WHAT IS BEING ASKED: Print the first line of the data below and every one after it, through the line containing "text \<open>If a", exactly as written.

========================================

lemma V1_candidate_has_edge: "V1_candidate E v \<Longrightarrow> \<exists>e\<in>E. v \<in> e"
proof -
  assume "V1_candidate E v"
  hence "card {e \<in> E. v \<in> e} \<noteq> 0" unfolding V1_candidate_def degree_def by auto
  hence "{e \<in> E. v \<in> e} \<noteq> {}" by (metis card.empty)
  thus ?thesis by blast
qed

text \<open>If a maximum matching misses a V_1-candidate v, then one of its edges meets
  every edge at v: for degree one this is the edge meeting the pendant edge, in a
  triangle xvw with deg v = deg x = 2 it is the edge xw.\<close>
lemma V1_candidate_dominated:
  assumes s: "simple_graph V E" and v: "V1_candidate E v"
    and m: "max_matching E F" and vF: "v \<notin> Vs F"
  shows "\<exists>g\<in>F. \<forall>f\<in>E. v \<in> f \<longrightarrow> f \<inter> g \<noteq> {}"
proof -
  have fin: "finite E" using simple_graph_finite_edges[OF s] .
  have FE: "F \<subseteq> E" using m unfolding max_matching_def matching_in_def by blast
  from v consider (pendant) "degree E v = 1" | (tri) t where "degree E v = 2" "t \<in> Tri2 E" "v \<in> t"
    unfolding V1_candidate_def by blast
  then show ?thesis
  proof cases
    case pendant
    obtain e where e: "e \<in> E" "v \<in> e" using V1_candidate_has_edge[OF v] by blast
    obtain g where g: "g \<in> F" "g \<inter> e \<noteq> {}" using max_matching_meets_edge[OF s m e(1)] by blast
    have "f = e" if "f \<in> E" "v \<in> f" for f
      using degree_one_unique_edge[OF pendant that(1) e(1) that(2) e(2)] .
    thus ?thesis using g by blast
  next
    case tri
    obtain d w where dt: "deg2_triangle E v d w"
      using Tri2_structure[OF fin tri(2,3,1)] by blast
    note dt = deg2_triangleD[OF dt]
    obtain g where g: "g \<in> F" "g \<inter> {v, d} \<noteq> {}" using max_matching_meets_edge[OF s m dt(4)] by blast
    have "v \<notin> g" using vF g(1) by (auto simp: Vs_iff)
    hence "g \<noteq> {v, d}" "d \<in> g" using g(2) by auto
    hence gdw: "g = {d, w}" using dt(8)[of g] g(1) FE by blast
    have "f \<inter> g \<noteq> {}" if "f \<in> E" "v \<in> f" for f
      using dt(7)[OF that] gdw by auto
    thus ?thesis using g(1) by blast
  qed
qed

lemma V1_vertex_with_two_edges:
  assumes fin: "finite E" and f: "\<forall>t\<in>Tri2 E. f t \<in> t \<and> degree E (f t) = 2"
    and y: "y \<in> {v \<in> V. degree E v = 1} \<union> f ` Tri2 E"
    and e: "{y, p} \<in> E" "{y, q} \<in> E" "p \<noteq> q"
  shows "y = f {y, p, q}"
proof -
  have "{y, p} \<noteq> {y, q}" using e(3) by (auto simp: doubleton_eq_iff)
  hence "degree E y \<noteq> 1" using degree_one_unique_edge[OF _ e(1,2)] by auto
  then obtain t where t: "t \<in> Tri2 E" "y = f t" using y by blast
  have "triangle E t" using t(1) unfolding Tri2_def by simp
  moreover have "y \<in> t" "degree E y = 2" using f t by auto
  ultimately have "t = {y, p, q}" using triangle_at_degree_two[OF fin _ _ _ e] by blast
  thus ?thesis using t(2) by simp
qed

text \<open>The two partners d, w of the representative x = f t of a triangle t in T are
  not in V_1: each has two distinct edges inside t, so it could only represent t.\<close>
lemma deg2_triangle_partners_not_V1:
  assumes fin: "finite E" and f: "\<forall>t\<in>Tri2 E. f t \<in> t \<and> degree E (f t) = 2"
    and t: "t = {x, d, w}" "x = f t" and dt: "deg2_triangle E x d w"
  shows "d \<notin> {v \<in> V. degree E v = 1} \<union> f ` Tri2 E" "w \<notin> {v \<in> V. degree E v = 1} \<union> f ` Tri2 E"
proof -
  note tri = deg2_triangleD[OF dt]
  show "d \<notin> {v \<in> V. degree E v = 1} \<union> f ` Tri2 E"
  proof
    assume d: "d \<in> {v \<in> V. degree E v = 1} \<union> f ` Tri2 E"
    have "{d, x} \<in> E" using tri(4) by (simp add: insert_commute)
    hence "d = f {d, x, w}" using V1_vertex_with_two_edges[OF fin f d _ tri(6,2)] by blast
    moreover have "{d, x, w} = t" using t(1) by (simp add: insert_commute)
    ultimately show False using t(2) tri(1) by simp
  qed
  show "w \<notin> {v \<in> V. degree E v = 1} \<union> f ` Tri2 E"
  proof
    assume w: "w \<in> {v \<in> V. degree E v = 1} \<union> f ` Tri2 E"
    have "{w, x} \<in> E" "{w, d} \<in> E" using tri(5,6) by (simp_all add: insert_commute)
    hence "w = f {w, x, d}" using V1_vertex_with_two_edges[OF fin f w _ _ tri(1)] by blast
    moreover have "{w, x, d} = t" using t(1) by (simp add: insert_commute)
    ultimately show False using t(2) tri(2) by simp
  qed
qed

section \<open>Graphs with L(G) = 2 l(G)\<close>

locale L_twice_l_graph =
  fixes V :: "'a set" and E :: "'a set set"
  assumes simple: "simple_graph V E" and L_twice_l: "L_num E = 2 * l_num E"
begin

definition optL :: "'a set set \<Rightarrow> bool" where
  "optL F \<longleftrightarrow> max_matching E F \<and> nu (E - F) = L_num E"

definition optl :: "'a set set \<Rightarrow> bool" where
  "optl F \<longleftrightarrow> max_matching E F \<and> nu (E - F) = l_num E"

lemma fin: "finite E" using simple_graph_finite_edges[OF simple] .

lemma optL_max: "optL F \<Longrightarrow> max_matching E F"
  unfolding optL_def by simp

lemma optl_max: "optl F \<Longrightarrow> max_matching E F"
  unfolding optl_def by simp

lemma max_matching_facts:
  assumes "max_matching E F"
  shows "F \<subseteq> E" "matching F" "finite F" "card F = nu E"
  using assms fin finite_subset unfolding max_matching_def matching_in_def by auto

lemma optL_witness:
  "optL F \<Longrightarrow> \<exists>M. matching_in (E - F) M \<and> card M = L_num E"
  using nu_attained[of "E - F"] fin unfolding optL_def by auto

lemma optL_by_witness:
  assumes "max_matching E F" "matching_in (E - F) M" "card M = L_num E"
  shows "optL F"
proof -
  have "card M \<le> nu (E - F)" using nu_upper fin assms(2) by blast
  thus ?thesis using L_num_upper[OF fin assms(1)] assms unfolding optL_def by simp
qed

text \<open>The counting argument: M - Fl and FL - Fl are matchings of G - Fl, so each has
  at most l edges, while |M| = 2l.  Everything is tight.\<close>
lemma gap_exchange:
  assumes L: "optL FL" and l: "optl Fl" and M: "matching_in (E - FL) M" "card M = L_num E"
  shows "Fl - FL \<subseteq> M" "card (M - Fl) = l_num E" "card (FL - Fl) = l_num E"
proof -
  note FL = max_matching_facts[OF optL_max[OF L]] and Fl = max_matching_facts[OF optl_max[OF l]]
  have nu_Fl: "nu (E - Fl) = l_num E" using l unfolding optl_def by simp
  have "finite M" using M(1) fin finite_subset unfolding matching_in_def by blast
  have "matching_in (E - Fl) (M - Fl)" using M(1) matching_subset unfolding matching_in_def by blast
  hence M_Fl: "card (M - Fl) \<le> l_num E" using nu_upper[of "E - Fl"] fin nu_Fl by simp
  have "matching_in (E - Fl) (FL - Fl)" using FL(1,2) matching_subset unfolding matching_in_def by blast
  hence FL_Fl: "card (FL - Fl) \<le> l_num E" using nu_upper[of "E - Fl"] fin nu_Fl by simp
  have sym: "card (Fl - FL) = card (FL - Fl)"
    using FL(3,4) Fl(3,4) by (simp add: card_Diff_subset_Int Int_commute)
  have inter: "M \<inter> Fl \<subseteq> Fl - FL" using M(1) unfolding matching_in_def by blast
  hence le: "card (M \<inter> Fl) \<le> card (Fl - FL)" using Fl(3) by (simp add: card_mono)
  have split: "card M = card (M - Fl) + card (M \<inter> Fl)"
    using \<open>finite M\<close> by (metis card_Int_Diff add.commute)
  have "card (M \<inter> Fl) = card (Fl - FL)"
    using M_Fl FL_Fl sym split le M(2) L_twice_l by linarith
  hence "M \<inter> Fl = Fl - FL" using inter Fl(3) by (simp add: card_subset_eq)
  thus "Fl - FL \<subseteq> M" by blast
  show "card (M - Fl) = l_num E" "card (FL - Fl) = l_num E"
    using M_Fl FL_Fl sym split le M(2) L_twice_l by linarith+
qed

========================================

SOLUTION FOR THIS TASK:
lemma V1_candidate_has_edge: "V1_candidate E v \<Longrightarrow> \<exists>e\<in>E. v \<in> e"
proof -
  assume "V1_candidate E v"
  hence "card {e \<in> E. v \<in> e} \<noteq> 0" unfolding V1_candidate_def degree_def by auto
  hence "{e \<in> E. v \<in> e} \<noteq> {}" by (metis card.empty)
  thus ?thesis by blast
qed

text \<open>If a maximum matching misses a V_1-candidate v, then one of its edges meets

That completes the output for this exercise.